Editorial on the Research Topic
Innate immune responses in HIV controllers

HIV-1 controllers comprise a heterogeneous group of people living with HIV-1 (PLWH) with the ability to maintain low viral loads and high CD4+ T cell counts for years in the absence of antiretroviral therapy (ART). Within these is a special group of individuals termed “elite controllers” (ECs) who durably maintain undetectable plasma HIV-1 RNA levels without medication. Immune profiles in these rare individuals have been proposed as a model to guide the development of a functional HIV-1 cure. Several protective immune signatures have been linked to better HIV-1 control but host factors described thus far only partly explain effective HIV-1 control (1, 2). In particular, a potent innate immune response is likely critical to contain viral replication early following infection and to promote spontaneous HIV-1 control. Nevertheless, the delineation of innate immune responses in HIV-1 controllers remains an understudied research area. This Research Topic collected contributions advancing progress made on understanding innate immunological mechanisms of spontaneous HIV-1 control and discusses gaps of knowledge and strategies to harness innate immune cells in future immunotherapeutics.

Among other roles, innate immune cells coordinate adaptive immune responses and accumulating evidence highlighting that both innate and adaptive arms of the immune response may be responsible for spontaneous control of HIV-1 is beginning to emerge (3, 4). For instance, in recent reports, myeloid dendritic cells (mDCs) from ECs exhibited increased abilities to sense HIV-1 through cytosolic pathways, consequently enhancing activation of CD8+T cells with a CD64+PD-L1_hi phenotype (5, 6). In the Original Research article by Martin-Gayo et al. the authors identify molecular circuits RNA-sensor RIG-I together with cGAS as key players in mediating the detection of HIV-1 in mDC from ECs. Their findings represent therapeutically actionable pathways for enhancing innate immune responses against HIV-1.

Submissions in this Research Topic include four excellent reviews that delve into some of the innate immune mechanisms linked to natural control of HIV-1, starting with a review from Shi et al. which presents an overview of innate immunity as the first line of defense against pathogen invasion and a bridge to induce adaptive immunity. The involvement of innate cells such as dendritic cells, natural killer (NK) cells, macrophages and natural killer T cells, the secretion of soluble cytokines and signaling pathways are emphasized and deemed critical to the natural control of HIV-1 infection. The involvement of both arms of the immune response described above can be demonstrated by the contribution of DCs to the enhancement of the overall HIV-1 specific T cell immunity observed in ECs (5). Furthermore, higher frequencies of NK cells and CD4+ T cells with antiviral activity were reported in HIV-1 controllers (7). Thus, innate molecules may down-regulate viral replication whilst reducing tissue damage and the seeding of the viral reservoir before the adaptive immune response kicks in.

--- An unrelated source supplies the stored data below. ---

(* Let $H_0,H_1$ be complex Hilbert spaces, $G$ a densely defined closed operator from $H_0$ into $H_1$ and $D$ a densely defined closed operator from $H_1$ into $H_0$ with $-G^*\subset D$. Define $\Phi\colon\mathrm{BD}(D)\to\mathrm{BD}(G)'$ by $(\Phi(q))(u)=(Dq,u)_{H_0}+(q,Gu)_{H_1}$. Then $\Phi$ is unitary.
   Context: Put $\mathring D=-G^*$, $\mathring G=-D^*$. Domains carry graph inner products, e.g. $(u,v)_{\mathrm{dom}(G)}=(u,v)_{H_0}+(Gu,Gv)_{H_1}$. $\mathrm{BD}(G)$ is the orthogonal complement of $\mathrm{dom}(\mathring G)$ in $\mathrm{dom}(G)$ and $\mathrm{BD}(D)$ the orthogonal complement of $\mathrm{dom}(\mathring D)$ in $\mathrm{dom}(D)$, both with the induced inner products. $\mathrm{BD}(G)'$ denotes the Hilbert space of continuous antilinear functionals on $\mathrm{BD}(G)$ with the dual norm. *)

theory Defs
  imports "HOL-Analysis.Analysis"
begin

definition cnorm :: "('a \<Rightarrow> 'a \<Rightarrow> complex) \<Rightarrow> 'a \<Rightarrow> real" where
  "cnorm ip x = sqrt (Re (ip x x))"

definition complex_inner_space ::
  "(complex \<Rightarrow> 'a::ab_group_add \<Rightarrow> 'a) \<Rightarrow> ('a \<Rightarrow> 'a \<Rightarrow> complex) \<Rightarrow> bool" where
  "complex_inner_space sc ip \<longleftrightarrow>
     vector_space sc \<and>
     (\<forall>x y z. ip (x + y) z = ip x z + ip y z) \<and>
     (\<forall>a x y. ip (sc a x) y = a * ip x y) \<and>
     (\<forall>x y. ip y x = cnj (ip x y)) \<and>
     (\<forall>x. 0 \<le> Re (ip x x)) \<and>
     (\<forall>x. ip x x = 0 \<longrightarrow> x = 0)"

definition complex_hilbert_space ::
  "(complex \<Rightarrow> 'a::ab_group_add \<Rightarrow> 'a) \<Rightarrow> ('a \<Rightarrow> 'a \<Rightarrow> complex) \<Rightarrow> bool" where
  "complex_hilbert_space sc ip \<longleftrightarrow>
     complex_inner_space sc ip \<and>
     (\<forall>X::nat \<Rightarrow> 'a.
        (\<forall>e>0. \<exists>N. \<forall>m\<ge>N. \<forall>n\<ge>N. cnorm ip (X m - X n) < e) \<longrightarrow>
        (\<exists>L. (\<lambda>n. cnorm ip (X n - L)) \<longlonglongrightarrow> 0))"

definition densely_defined_op ::
  "(complex \<Rightarrow> 'a::ab_group_add \<Rightarrow> 'a) \<Rightarrow> ('a \<Rightarrow> 'a \<Rightarrow> complex) \<Rightarrow>
   (complex \<Rightarrow> 'b::ab_group_add \<Rightarrow> 'b) \<Rightarrow> 'a set \<Rightarrow> ('a \<Rightarrow> 'b) \<Rightarrow> bool" where
  "densely_defined_op sc0 ip0 sc1 dm T \<longleftrightarrow>
     module.subspace sc0 dm \<and>
     (\<forall>x\<in>dm. \<forall>y\<in>dm. T (x + y) = T x + T y) \<and>
     (\<forall>a. \<forall>x\<in>dm. T (sc0 a x) = sc1 a (T x)) \<and>
     (\<forall>x. \<forall>e>0. \<exists>y\<in>dm. cnorm ip0 (x - y) < e)"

NK cells are classically considered as effector cells of the innate immune system that promptly respond to HIV exposure and a plethora of studies have provided compelling evidence for their significant contribution to the immune control of HIV-1 (8, 9). While subsets of NK cells with potent anti-viral activity may confer protection, prolonged recruitment of highly activated NK cells may also contribute to immunopathology. The mini review article by Mensching et al. summarizes multiple NK cell functions that contribute to HIV-1 control and the disparate roles played by myeloid cells in antigen presentation, inflammation and HIV-1 persistence, and specifically addresses the importance of the crosstalk between blood monocytes or tissue macrophages and NK cells. The authors highlight several aspects of these interactions that could be either beneficial or detrimental for HIV-1 control. In particular, it remains to be determined whether monocytes and macrophages in HIV-1 controllers more efficiently prime NK cells compared to other PLWH, or if in the long-term the crosstalk between these innate effectors predominantly drives chronic inflammation (10–13).

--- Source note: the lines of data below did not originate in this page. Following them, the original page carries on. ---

lemma finite_affine_zeros:
  fixes a b :: real
  assumes "a \<noteq> 0 \<or> b \<noteq> 0"
  shows "finite {t. a + t * b = 0}"
proof (cases "b = 0")
  case True
  then show ?thesis using assms by simp
next
  case False
  then have "{t. a + t * b = 0} \<subseteq> {- a / b}" by (auto simp: field_simps)
  then show ?thesis by (rule finite_subset) simp
qed

lemma finite_line_zeros:
  assumes "nonzero3 a \<or> nonzero3 b"
  shows "finite {t. \<not> nonzero3 (\<lambda>i. a i + t * b i)}"
proof -
  from assms obtain i where i: "i < 3" "a i \<noteq> 0 \<or> b i \<noteq> 0"
    by (auto simp: nonzero3_def)
  then have "{t. \<not> nonzero3 (\<lambda>i. a i + t * b i)} \<subseteq> {t. a i + t * b i = 0}"
    by (auto simp: nonzero3_def)
  then show ?thesis using finite_affine_zeros[OF i(2)] by (rule finite_subset)
qed

text \<open>The candidates are the points \<open>d + t (m \<times> d)\<close> of a line in the plane orthogonal to \<open>m\<close>;
  each requirement fails for only finitely many \<open>t\<close>.\<close>

lemma exists_generic_orthogonal3:
  assumes m: "nonzero3 m" and d: "vec3 d" "nonzero3 d" "dot 3 d m = 0"
    and Ks: "finite Ks" "\<forall>k\<in>Ks. nonzero3 (cross k m)"
    and Gs: "finite Gs" "\<forall>g\<in>Gs. nonzero3 g"
    and Xs: "finite Xs"
  shows "\<exists>p. vec3 p \<and> nonzero3 p \<and> dot 3 p m = 0 \<and> (\<forall>k\<in>Ks. dot 3 p k \<noteq> 0)
           \<and> (\<forall>g\<in>Gs. nonzero3 (cross p g)) \<and> p \<notin> Xs"
proof -
  define e where "e = cross m d"
  define p where "p t = (\<lambda>i. d i + t * e i)" for t
  have "cross d e i = dot 3 d d * m i" if "i < 3" for i
    using cross_cross[OF that, of d m d] d(3) by (simp add: e_def dot_commute)
  then have de: "nonzero3 (cross d e)"
    using m dot3_self_pos[OF d(2)] by (auto simp: nonzero3_def)
  then have e: "nonzero3 e" by (auto simp: nonzero3_iff)
  have bad_k: "finite {t. dot 3 (p t) k = 0}" if "k \<in> Ks" for k
  proof -
    have "dot 3 d k \<noteq> 0 \<or> dot 3 e k \<noteq> 0"
      using orth_plane_not_orth_if_nonparallel[OF d(2,3)] Ks(2) that by (simp add: e_def)
    then have "finite {t. dot 3 d k + t * dot 3 e k = 0}" by (rule finite_affine_zeros)
    then show ?thesis by (simp add: p_def dot_line)
  qed
  have bad_g: "finite {t. \<not> nonzero3 (cross (p t) g)}" if "g \<in> Gs" for g
  proof -
    have "nonzero3 (cross d g) \<or> nonzero3 (cross e g)"
      using cross_zero_trans[of g d e] Gs(2) that de by blast
    then have "finite {t. \<not> nonzero3 (\<lambda>i. cross d g i + t * cross e g i)}"
      by (rule finite_line_zeros)
    then show ?thesis by (simp add: p_def cross_line)
  qed
  have bad_x: "finite {t. p t = x}" for x
  proof -
    have "{t. p t = x} \<subseteq> {t. \<not> nonzero3 (\<lambda>i. (d i - x i) + t * e i)}"
      by (auto simp: p_def nonzero3_def)
    moreover have "finite {t. \<not> nonzero3 (\<lambda>i. (d i - x i) + t * e i)}"
      using e by (intro finite_line_zeros) simp
    ultimately show ?thesis by (rule finite_subset)
  qed
  define bad where "bad = (\<Union>k\<in>Ks. {t. dot 3 (p t) k = 0})
    \<union> (\<Union>g\<in>Gs. {t. \<not> nonzero3 (cross (p t) g)}) \<union> (\<Union>x\<in>Xs. {t. p t = x})"
  have "finite bad"
    unfolding bad_def using Ks(1) Gs(1) Xs bad_k bad_g bad_x by (intro finite_UnI finite_UN_I)
  then obtain t where "t \<notin> bad"
    using ex_new_if_finite[OF infinite_UNIV_char_0] by blast
  then have t: "\<forall>k\<in>Ks. dot 3 (p t) k \<noteq> 0" "\<forall>g\<in>Gs. nonzero3 (cross (p t) g)" "p t \<notin> Xs"
    unfolding bad_def by blast+
  have "dot 3 (p t) d = dot 3 d d" "dot 3 (p t) m = 0"
    using d(3) dot3_cross_self[of m d] by (simp_all add: p_def e_def dot_line dot_commute)
  moreover have "vec3 (p t)"
    using d(1) vec3_cross[of m d] by (simp add: vec3_def p_def e_def)
  ultimately show ?thesis
    using t dot3_self_pos[OF d(2)] nonzero3_if_dot3_neq_0[of "p t" d] by auto
qed

definition orth_compl_rep3 :: "'a set \<Rightarrow> ('a \<Rightarrow> 'a \<Rightarrow> bool) \<Rightarrow> ('a \<Rightarrow> nat \<Rightarrow> real) \<Rightarrow> bool" where
  "orth_compl_rep3 V E \<phi> \<longleftrightarrow> inj_on \<phi> V \<and> (\<forall>x\<in>V. vec3 (\<phi> x) \<and> nonzero3 (\<phi> x)) \<and>
     (\<forall>x\<in>V. \<forall>y\<in>V. x \<noteq> y \<longrightarrow> (dot 3 (\<phi> x) (\<phi> y) = 0 \<longleftrightarrow> E x y))"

The following review by Bernard et al. comprehensively discusses the role of NK cells in HIV-1 control including involvement in antibody dependent and antibody independent functions. NK cells are regarded as the key cell type better primed to exert antibody dependent cellular cytotoxicity (ADCC) activity earlier in infection. Reports suggest that ECs can maintain high levels of potent gp120 specific antibodies with ADCC or antibody dependent NK cell activation (ADNKA) function in the absence of detectable virus (14, 15), suggesting that an antibody-mediated mechanism may contribute to natural viral control. In addition, there is evidence for a role of NK cells in mediating antibody independent functions (16). It remains to be determined whether antibody dependent activities would provide a better marker for functional cure investigations than antibody independent NK cell responses. The authors further caution on the variability of available assays developed to measure ADCC activity and the importance of assay standardization to overcome differences in antibody titers from person to person before this function can be better defined as a key player in HIV-1 control.

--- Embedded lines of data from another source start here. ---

theorem lemma5p2:
  fixes M :: "'w measure" and Y :: "'w \<Rightarrow> real^'d^'d" and b :: nat
  assumes "prob_space M"
    and "Y \<in> borel_measurable M"
    and "\<forall>\<omega>\<in>space M. Y \<omega> \<in> S_rank b"
    and "\<forall>u :: real^'d^'d. orthogonal_matrix u \<longrightarrow>
           distr M borel (\<lambda>\<omega>. u ** Y \<omega> ** transpose u) = distr M borel Y"
  shows "(\<forall>a x0. x0 \<in> S_rank a \<longrightarrow>
            (a + b \<le> CARD('d) \<longrightarrow> (AE \<omega> in M. x0 + Y \<omega> \<in> S_rank (a + b))) \<and>
            (a + b \<ge> CARD('d) \<longrightarrow> (AE \<omega> in M. x0 + Y \<omega> \<in> S_rank CARD('d))))
       \<and> (\<forall>a c x0. x0 \<in> S_rank c \<longrightarrow> a + b < CARD('d) \<longrightarrow>
            (AE \<omega> in M. x0 + Y \<omega> \<in> S_rank (a + b)) \<longrightarrow> c = a)"
proof -
  have "orthogonally_invariant_psd M Y"
  proof (intro orthogonally_invariant_psd.intro orthogonally_invariant_psd_axioms.intro)
    show "psd_mat (Y \<omega>)" if "\<omega> \<in> space M" for \<omega>
      using assms(3) that by (simp add: S_rank_def)
  qed (use assms in auto)
  then interpret orthogonally_invariant_psd M Y .
  have rank_Y: "\<And>\<omega>. \<omega> \<in> space M \<Longrightarrow> rank (Y \<omega>) = b"
    using assms(3) by (simp add: S_rank_def)
  have AE_S_rank: "AE \<omega> in M. x0 + Y \<omega> \<in> S_rank (min (a + b) CARD('d))"
    if "x0 \<in> S_rank a" for a x0
    using rank_Y that by (rule AE_add_in_S_rank)
  show ?thesis
  proof (intro conjI allI impI)
    fix a :: nat and x0 :: "real^'d^'d" assume "x0 \<in> S_rank a"
    from AE_S_rank[OF this]
    show "AE \<omega> in M. x0 + Y \<omega> \<in> S_rank (a + b)" if "a + b \<le> CARD('d)"
      using that by (simp add: min_absorb1)
    from AE_S_rank[OF \<open>x0 \<in> S_rank a\<close>]
    show "AE \<omega> in M. x0 + Y \<omega> \<in> S_rank CARD('d)" if "a + b \<ge> CARD('d)"
      using that by (simp add: min_absorb2)
  next
    fix a c :: nat and x0 :: "real^'d^'d"
    assume "x0 \<in> S_rank c" "a + b < CARD('d)" "AE \<omega> in M. x0 + Y \<omega> \<in> S_rank (a + b)"
    from \<open>AE \<omega> in M. x0 + Y \<omega> \<in> S_rank (a + b)\<close> AE_S_rank[OF \<open>x0 \<in> S_rank c\<close>]
    have "AE \<omega> in M. a + b = min (c + b) CARD('d)"
      by eventually_elim (simp add: S_rank_def)
    then show "c = a" using \<open>a + b < CARD('d)\<close> by (auto simp: min_def split: if_splits)
  qed
qed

The last review by Sugawara et al. addresses the question of animal models that can recapitulate spontaneous immune control of HIV-1, including humanized mice and non-human primates. Notably, studies in animal models present unique opportunities to evaluate innate immune responses in tissues, within days following HIV-1 infection, or to assess the role of specific innate effector cells using in vivo depletion experiments, which are all impossible or challenging in humans. Animal models are also instrumental in pre-clinical studies to evaluate approaches to induce protective immune responses similar to those observed in HIV-1 ECs and the authors discuss possible future immunotherapeutic strategies for PLWH based on harnessing trained immunity, and particularly NK cells with adaptive capabilities.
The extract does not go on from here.